Could you find each line of the data below that contains the word "value" and copy those lines?
(SOURCE INFORMATION begins)
(* Let $K\ge 2$ and $L\ge 2$ be integers and set $$s^*=\frac{L\,(K-1)^{L}}{K^{L+1}-(K-1)^{L-1}\big((K-1)K+L\big)}.$$ Consider the $K$-proposer game in which proposer $i$ chooses an offer $s_i\in[0,1]$, and, for every offer profile $(s_1,\dots,s_K)$ that is not identically zero, the $L$ responders all play the unique evolutionarily stable strategy $(p_1,\dots,p_K)$ of the responder game induced by these offers, so that proposer $i$'s expected payoff is $\Pi_{P,i}=(1-s_i)\big(1-(1-p_i)^L\big)$. Then the profile in which every proposer offers $s_i=s^*$ is a subgame-perfect Nash equilibrium, and apart from the profile in which all offers are zero, it is the only subgame-perfect Nash equilibrium. In this equilibrium each responder selects each proposer with probability $1/K$.
   Context: Multi-Proposer-Multi-Responder Ultimatum Game with $K$ proposers and $L$ responders: each proposer $i$ simultaneously offers a share $s_i\in[0,1]$ of a reward of size one to the responders; each responder, knowing all offers and independently of the others, selects one proposer according to a mixed strategy $(p_1,\dots,p_K)$; a proposer selected by at least one responder receives $1-s_i$, otherwise $0$; among the $N_i$ responders who selected proposer $i$, exactly one chosen uniformly at random receives $s_i$, the others receive $0$. Given offers not all zero, the induced symmetric $L$-player responder game has a unique evolutionarily stable strategy (responders are drawn from an infinite population; $p$ is evolutionarily stable if for every $q\ne p$ and all sufficiently small $\varepsilon>0$, a focal player using $p$ earns strictly more than one using $q$ when the other $L-1$ players independently play $(1-\varepsilon)p+\varepsilon q$). Subgame-perfect Nash equilibrium here means an offer profile from which no proposer can strictly increase its expected payoff by unilaterally changing its offer, responders' behaviour in each subgame being this evolutionarily stable strategy. *)

theory Defs
  imports Complex_Main
begin

text \<open>Proposers are indexed by 0,...,K-1. Offer profiles and mixed strategies are
  functions nat => real that vanish outside {..<K}.\<close>

definition offers :: "nat \<Rightarrow> (nat \<Rightarrow> real) set" where
  "offers K = {s. (\<forall>i<K. 0 \<le> s i \<and> s i \<le> 1) \<and> (\<forall>i\<ge>K. s i = 0)}"

definition simplex :: "nat \<Rightarrow> (nat \<Rightarrow> real) set" where
  "simplex K = {p. (\<forall>i. 0 \<le> p i) \<and> (\<forall>i\<ge>K. p i = 0) \<and> (\<Sum>i<K. p i) = 1}"

text \<open>Expected payoff of a focal responder who selects proposer j, when the other
  L-1 responders independently select proposer j with probability x: the reward s_j
  is given to one of the 1+M selecting responders uniformly, M ~ Binomial(L-1,x).\<close>

definition win_prob :: "nat \<Rightarrow> real \<Rightarrow> real" where
  "win_prob L x = (\<Sum>m\<le>L-1. real ((L-1) choose m) * x ^ m * (1 - x) ^ (L - 1 - m) / real (m + 1))"

definition resp_payoff :: "nat \<Rightarrow> nat \<Rightarrow> (nat \<Rightarrow> real) \<Rightarrow> (nat \<Rightarrow> real) \<Rightarrow> (nat \<Rightarrow> real) \<Rightarrow> real" where
  "resp_payoff K L s p q = (\<Sum>j<K. p j * s j * win_prob L (q j))"

definition ESS :: "nat \<Rightarrow> nat \<Rightarrow> (nat \<Rightarrow> real) \<Rightarrow> (nat \<Rightarrow> real) \<Rightarrow> bool" where
  "ESS K L s p \<longleftrightarrow> p \<in> simplex K \<and>
     (\<forall>q \<in> simplex K. q \<noteq> p \<longrightarrow>
        (\<exists>e0>0. \<forall>e. 0 < e \<and> e < e0 \<longrightarrow>
           resp_payoff K L s q (\<lambda>i. (1 - e) * p i + e * q i)
             < resp_payoff K L s p (\<lambda>i. (1 - e) * p i + e * q i)))"

definition resp_strategy :: "nat \<Rightarrow> nat \<Rightarrow> (nat \<Rightarrow> real) \<Rightarrow> (nat \<Rightarrow> real)" where
  "resp_strategy K L s = (THE p. ESS K L s p)"

definition prop_payoff :: "nat \<Rightarrow> nat \<Rightarrow> (nat \<Rightarrow> real) \<Rightarrow> nat \<Rightarrow> real" where
  "prop_payoff K L s i = (1 - s i) * (1 - (1 - resp_strategy K L s i) ^ L)"

definition SPNE :: "nat \<Rightarrow> nat \<Rightarrow> (nat \<Rightarrow> real) \<Rightarrow> bool" where
  "SPNE K L s \<longleftrightarrow> s \<in> offers K \<and>
     (\<forall>i<K. \<forall>x. 0 \<le> x \<and> x \<le> 1 \<longrightarrow> prop_payoff K L (s(i := x)) i \<le> prop_payoff K L s i)"

definition sstar :: "nat \<Rightarrow> nat \<Rightarrow> real" where
  "sstar K L = real L * (real K - 1) ^ L /
     (real K ^ (L + 1) - (real K - 1) ^ (L - 1) * ((real K - 1) * real K + real L))"

end

theory Submission
  imports Defs "HOL-Analysis.Derivative"
begin

(* Let W = win_prob L; it equals (1 - (1 - x)^L) / (L x) and is strictly decreasing on [0, 1].
   The ESS of the responder game is its unique Nash equilibrium: every proposer k that is
   chosen with positive probability p_k gives the same value c = s_k W(p_k), and no proposer
   gives more.

   When proposer i deviates
   and attracts share t, the other proposers share 1 - t equally, and the deviator's payoff is
   at most 1 - (1 - t)^L - s* L t W((1 - t)/(K - 1)).  This bound is concave in t, and the
   formula for s* is exactly the condition that its derivative vanishes at t = 1/K.

   Conversely, take an SPNE with a nonzero offer.  Every proposer is chosen with positive
   probability and offers less than 1.  Proposer i can choose its offer so that the
   equilibrium value scales from c to rho c; the other shares then become W^-1(rho W(p_j)).
   Fermat's rule at rho = 1 gives a first-order condition for each proposer.  Because
   p W(p) / -W'(p) increases with p, comparing the conditions of two proposers forces all
   shares to be 1/K, and the condition then yields the offer s*. *)

section \<open>Winning probability\<close>

lemma win_prob_geometric:
  assumes "L \<ge> 1"
  shows "win_prob L x = (\<Sum>k<L. (1 - x) ^ k) / real L"
proof -
  obtain n where L: "L = Suc n" using assms by (cases L) auto
  show ?thesis
  proof (cases "x = 0")
    case True
    have "win_prob L 0 = (\<Sum>m\<le>n. if m = 0 then 1 else 0)"
      unfolding win_prob_def L by (intro sum.cong) auto
    with True show ?thesis by (simp add: L)
  next
    case False
    (* C(n, m) / (m + 1) = C(n + 1, m + 1) / (n + 1) turns L x W(x) into the binomial
       expansion of 1 - (1 - x)^L *)
    have binom_term: "x * real L * (real (n choose m) * x ^ m * (1 - x) ^ (n - m) / real (m + 1))
        = real (Suc n choose Suc m) * x ^ Suc m * (1 - x) ^ (Suc n - Suc m)" for m
    proof -
      have c: "real (Suc n) * real (n choose m) = real (Suc n choose Suc m) * real (Suc m)"
        using Suc_times_binomial_eq[of n m] by (metis of_nat_mult)
      have "x * real L * (real (n choose m) * x ^ m * (1 - x) ^ (n - m) / real (m + 1))
          = (real (Suc n) * real (n choose m)) * x ^ Suc m * (1 - x) ^ (n - m) / real (Suc m)"
        by (simp only: L power_Suc Suc_eq_plus1[symmetric]) (simp add: algebra_simps)
      then show ?thesis unfolding c by simp
    qed
    have "x * real L * win_prob L x
        = (\<Sum>m\<le>n. real (Suc n choose Suc m) * x ^ Suc m * (1 - x) ^ (Suc n - Suc m))"
      unfolding win_prob_def sum_distrib_left using binom_term by (simp add: L)
    also have "\<dots> = (x + (1 - x)) ^ Suc n - (1 - x) ^ Suc n"
      unfolding binomial_ring[of x "1 - x" "Suc n"] sum.atMost_Suc_shift by simp
    also have "\<dots> = x * (\<Sum>k<L. (1 - x) ^ k)"
      using one_diff_power_eq[of "1 - x" "Suc n"] by (simp add: L)
    finally have "real L * win_prob L x = (\<Sum>k<L. (1 - x) ^ k)"
      using False by (simp add: mult.assoc)
    moreover have "real L > 0" using assms by simp
    ultimately show ?thesis by (simp add: field_simps)
  qed
qed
(SOURCE INFORMATION ends)
YOUR SOLUTION:
   chosen with positive probability p_k gives the same value c = s_k W(p_k), and no proposer
   equilibrium value scales from c to rho c; the other shares then become W^-1(rho W(p_j)).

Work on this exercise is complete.